INFORMATION PROVIDED:
(* There exist neuronal networks $\mathcal N$ all of whose neurons satisfy Dale's Principle (each neuron is excitatory or inhibitory) but which are not a dynamical optimum conditioned to their synaptical equivalence class, i.e. there is a network $\mathcal N'$ synaptically equivalent to $\mathcal N$ with $\mathcal N'\not\sqsubseteq\mathcal N$.
   Context: A neuronal network $\mathcal N$ consists of $N\ge2$ neurons $i$. Neuron $i$ has a state $x_i=(x_{i,1},\dots,x_{i,k_i})$ in a compact manifold $M_i$ of finite dimension $k_i\ge1$, $x_{i,1}$ being its membrane potential; it has a threshold $\theta_i>0$ and a Lipschitz vector field $f_i$, and isolated it evolves by $dx_i/dt=F_i(x_i):=f_i(x_i)-\vec\theta_i\delta_{\theta_i}(x_{i,1})$, i.e. $\dot x_i=f_i(x_i)$ while $x_{i,1}<\theta_i$, and $x_{i,1}$ is reset to $0$ when it reaches $\theta_i$ (spike). For $i\neq j$ the synaptic action $\Delta_{i,j}$ is a real function of $x_j$, identically $0$ or of constant sign; when $i$ spikes, $x_{j,1}$ jumps by $\Delta_{i,j}$. The network evolves by $dx_j/dt=F_j(x_j)+\sum_{i\ne j}\vec\Delta_{i,j}\delta_{\theta_i}(x_{i,1})$ with the refractory/avalanche rule (a neuron pushed to its threshold by simultaneous actions spikes at that instant; each neuron spikes at most once per instant and ignores actions arriving at the instant it spikes). For every $X_0\in M:=M_1\times\cdots\times M_N$ the solution is assumed to exist and be unique, defining the dynamics $\Phi(X_0,t)$, $t\ge0$. No neuron is indifferent: for each $i$ some $\Delta_{i,j}\not\equiv0$. A neuron $i$ is excitatory (resp. inhibitory) if $\Delta_{i,j}>0$ (resp. $\Delta_{i,j}<0$) for every $j$ with $\Delta_{i,j}\not\equiv0$; it is mixed if it is neither. Dale's Principle: no neuron is mixed. Two neurons $i\ne j$ are structurally identical if $F_i=F_j$, $\Delta_{i,j}\equiv\Delta_{j,i}\equiv0$ and $\Delta_{h,i}=\Delta_{h,j}$ for all $h\ne i,j$. A homogeneous part is a maximal set of pairwise structurally identical neurons. A synaptical unit is a block of a partition of a homogeneous part $A$ into a minimal number of sets $U$ such that for each neuron $h\notin A$ at most one $i\in U$ has $\Delta_{i,h}\not\equiv0$. For a unit $U$ and homogeneous part $B$, $\Delta_{U,B}$ denotes $0$ if $\Delta_{i,h}\equiv0$ for all $i\in U,h\in B$, and otherwise the common value $\Delta_{i,h}$ ($h\in B$) for the unique $i\in U$ sending nonzero actions to $B$. Networks $\mathcal N,\mathcal N'$ are synaptically equivalent if they have the same number of homogeneous parts and the same number of synaptical units, and there is a bijection $\varphi$ from the units of $\mathcal N$ onto the units of $\mathcal N'$ mapping the units of each homogeneous part $B$ onto all units of a homogeneous part $\varphi(B)$ of $\mathcal N'$, such that $\Delta_{U,B}=\Delta_{\varphi(U),\varphi(B)}$ for all units $U$ and parts $B$, and $F_i=F_{i'}$ for all $i\in U$, $i'\in\varphi(U)$. $\mathcal N'\sqsubseteq\mathcal N$ means: there is a continuous injective $\psi:M'\to M$ with $\psi(\Phi'(X'_0,t))=\Phi(\psi(X'_0),t)$ for all $X'_0\in M'$, $t\ge0$, where $\Phi,\Phi'$ are the dynamics of $\mathcal N,\mathcal N'$ on $M,M'$. A network $\mathcal N$ is a dynamical optimum conditioned to its synaptical equivalence class $\mathcal C$ if $\mathcal N'\sqsubseteq\mathcal N$ for all $\mathcal N'\in\mathcal C$. *)

theory Defs
  imports "HOL-Analysis.Analysis"
begin

text \<open>
Neurons are indexed 0..<nn N.  The state of a neuron with
dimension k is an element of nat => real vanishing outside {0..<k}
(a vector of R^k); coordinate 0 is the membrane potential.  A network state
is a function nat => (nat => real) vanishing for neurons >= nn N.
Topologies are the product topologies (for these extensional functions this
is the Euclidean topology of the finite product).
\<close>

record network =
  nn  :: nat
  dim :: "nat \<Rightarrow> nat"
  sp  :: "nat \<Rightarrow> (nat \<Rightarrow> real) set"
  thr :: "nat \<Rightarrow> real"
  fld :: "nat \<Rightarrow> (nat \<Rightarrow> real) \<Rightarrow> (nat \<Rightarrow> real)"
  syn :: "nat \<Rightarrow> nat \<Rightarrow> (nat \<Rightarrow> real) \<Rightarrow> real"        \<comment> \<open>Delta_{i,j} as function of x_j\<close>

definition Rk :: "nat \<Rightarrow> (nat \<Rightarrow> real) set" where
  "Rk k = {y. \<forall>c\<ge>k. y c = 0}"

definition halfspace :: "nat \<Rightarrow> (nat \<Rightarrow> real) set" where
  "halfspace k = {y \<in> Rk k. y 0 \<ge> 0}"

definition is_manifold :: "nat \<Rightarrow> (nat \<Rightarrow> real) set \<Rightarrow> bool" where
  "is_manifold k M \<longleftrightarrow> M \<subseteq> Rk k \<and>
     (\<forall>x\<in>M. \<exists>U V. openin (top_of_set M) U \<and> x \<in> U \<and>
        openin (top_of_set (halfspace k)) V \<and> U homeomorphic V)"

definition edist :: "nat \<Rightarrow> (nat \<Rightarrow> real) \<Rightarrow> (nat \<Rightarrow> real) \<Rightarrow> real" where
  "edist k x y = sqrt (\<Sum>c<k. (x c - y c)^2)"

definition lipschitz_field :: "nat \<Rightarrow> (nat \<Rightarrow> real) set \<Rightarrow> ((nat \<Rightarrow> real) \<Rightarrow> (nat \<Rightarrow> real)) \<Rightarrow> bool" where
  "lipschitz_field k M f \<longleftrightarrow> (\<exists>L. \<forall>x\<in>M. \<forall>y\<in>M. edist k (f x) (f y) \<le> L * edist k x y)"

definition nz :: "network \<Rightarrow> nat \<Rightarrow> nat \<Rightarrow> bool" where
  "nz N i j \<longleftrightarrow> (\<exists>x\<in>sp N j. syn N i j x \<noteq> 0)"

definition neurons :: "network \<Rightarrow> nat set" where
  "neurons N = {..<nn N}"

definition Mtot :: "network \<Rightarrow> (nat \<Rightarrow> nat \<Rightarrow> real) set" where
  "Mtot N = {X. (\<forall>i<nn N. X i \<in> sp N i) \<and> (\<forall>i\<ge>nn N. X i = (\<lambda>_. 0))}"

definition aval_step :: "network \<Rightarrow> (nat \<Rightarrow> nat \<Rightarrow> real) \<Rightarrow> nat set \<Rightarrow> nat set" where
  "aval_step N Y J = J \<union> {j. j < nn N \<and> Y j 0 + (\<Sum>i\<in>J - {j}. syn N i j (Y j)) \<ge> thr N j}"

definition spikers :: "network \<Rightarrow> (nat \<Rightarrow> nat \<Rightarrow> real) \<Rightarrow> nat set" where
  "spikers N Y = (\<Union>n. (aval_step N Y ^^ n) {})"

definition jump :: "network \<Rightarrow> (nat \<Rightarrow> nat \<Rightarrow> real) \<Rightarrow> (nat \<Rightarrow> nat \<Rightarrow> real)" where
  "jump N Y = (\<lambda>j. if j < nn N then
       (if j \<in> spikers N Y then (Y j)(0 := 0)
        else (Y j)(0 := Y j 0 + (\<Sum>i\<in>spikers N Y. syn N i j (Y j))))
     else Y j)"

definition solution :: "network \<Rightarrow> (nat \<Rightarrow> nat \<Rightarrow> real) \<Rightarrow> (real \<Rightarrow> nat \<Rightarrow> nat \<Rightarrow> real) \<Rightarrow> bool" where
  "solution N X0 X \<longleftrightarrow>
     (\<forall>t\<ge>0. X t \<in> Mtot N) \<and>
     X 0 = jump N X0 \<and>
     (\<forall>t>0. \<exists>Y. (X \<longlongrightarrow> Y) (at_left t) \<and> X t = jump N Y) \<and>
     (\<forall>t\<ge>0. \<forall>i<nn N. \<forall>c<dim N i.
        ((\<lambda>s. X s i c) has_real_derivative fld N i (X t i) c) (at t within {t..}))"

WHAT IS EXPECTED:
Where does "close" occur in the data? Copy each line that has it.

YOUR RESPONSE:
\<close>
  syn :: "nat \<Rightarrow> nat \<Rightarrow> (nat \<Rightarrow> real) \<Rightarrow> real"        \<comment> \<open>Delta_{i,j} as function of x_j\<close>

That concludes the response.